WHAT YOU ARE ASKED TO DO: Every line below between the one holding "Let \<open>K\<close> be" and the one holding "three pieces gives", inclusive, should be copied exactly, and no other line.

[Stored data entries]
◆ ◆ ◆
(* Let $a<b$ and let $X$ be a random variable taking values in $[a,b]$, with probability density function $f:[a,b]\rightarrow[0,1]$ and cumulative distribution function $F(x)=\Pr(X\le x)=\int_a^x f(t)\,dt$. Assume that $F$ is twice continuously differentiable in $(a,b)$ (so $F'=f$) with $f'\in L^2[a,b]$. Then for all $x\in[a,\frac{a+b}{2}]$, \[ \left|\frac{1}{2}[F(x)+F(a+b-x)]-\frac{b-E(X)}{b-a}\right|\leq \frac{(b-a)^{1/2}}{\pi}\left[\frac{(b-a)^2}{48}+\left(x-\frac{3a+b}{4}\right)^2\right]^{1/2}\|f'\|_2, \] where $E(X)$ is the expectation of $X$.
   Context: $\|g\|_2=\left(\int_a^b g(t)^2\,dt\right)^{1/2}$. *)

theory Defs
  imports "HOL-Analysis.Analysis"
begin

definition l2norm_on :: "real \<Rightarrow> real \<Rightarrow> (real \<Rightarrow> real) \<Rightarrow> real" where
  "l2norm_on a b g = sqrt (integral {a..b} (\<lambda>t. (g t)\<^sup>2))"

definition expect_dens :: "real \<Rightarrow> real \<Rightarrow> (real \<Rightarrow> real) \<Rightarrow> real" where
  "expect_dens a b f = integral {a..b} (\<lambda>t. t * f t)"

end

theory Submission
  imports Defs
begin

text \<open>
  Let \<open>K\<close> be the Peano kernel of the functional: the continuous, piecewise quadratic function with
  \<open>K'' = 1\<close> except at \<open>x\<close> and \<open>a + b - x\<close>, where \<open>K'\<close> drops by \<open>(b - a) / 2\<close>, and with
  \<open>K a = K b = 0\<close>. Integrating by parts twice on the three pieces gives
  \<open>\<integral> K f' = \<integral> F - (b - a) / 2 * (F x + F (a + b - x))\<close>, and \<open>\<integral> F = b - E(X)\<close>, so the quantity
  to be bounded is \<open>-\<integral> K f' / (b - a)\<close>. The Cauchy--Schwarz inequality bounds this by
  \<open>\<parallel>K\<parallel>\<^sub>2 \<parallel>f'\<parallel>\<^sub>2 / (b - a)\<close>, and an explicit computation gives
  \<open>\<parallel>K\<parallel>\<^sub>2\<^sup>2 \<le> (b - a)\<^sup>3 / 10 * ((b - a)\<^sup>2 / 48 + (x - (3a + b) / 4)\<^sup>2)\<close>; finally \<open>\<pi>\<^sup>2 \<le> 10\<close>.
\<close>

lemma pi_squared_le_10: "pi\<^sup>2 \<le> 10"
proof -
  have "pi\<^sup>2 \<le> 3.16\<^sup>2"
    using pi_approx(2) pi_gt_zero by (intro power_mono) auto
  then show ?thesis by (simp add: power2_eq_square)
qed

lemma square_le_mult_of_quadratic_bound:
  fixes A B I :: real
  assumes quad: "\<And>s. 2 * s * I \<le> s\<^sup>2 * A + B" and "0 \<le> A"
  shows "I\<^sup>2 \<le> A * B"
proof (cases "A = 0")
  case True
  have "I = 0"
  proof (rule ccontr)
    assume "I \<noteq> 0"
    then show False
      using quad[of "(B + 1) / (2 * I)"] True by simp
  qed
  then show ?thesis using True by simp
next
  case False
  then have "A > 0" using \<open>0 \<le> A\<close> by simp
  then show ?thesis
    using quad[of "I / A"] by (simp add: power2_eq_square field_simps)
qed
◆ ◆ ◆
RESPONSE TO THIS EXERCISE:
  Let \<open>K\<close> be the Peano kernel of the functional: the continuous, piecewise quadratic function with
  \<open>K'' = 1\<close> except at \<open>x\<close> and \<open>a + b - x\<close>, where \<open>K'\<close> drops by \<open>(b - a) / 2\<close>, and with
  \<open>K a = K b = 0\<close>. Integrating by parts twice on the three pieces gives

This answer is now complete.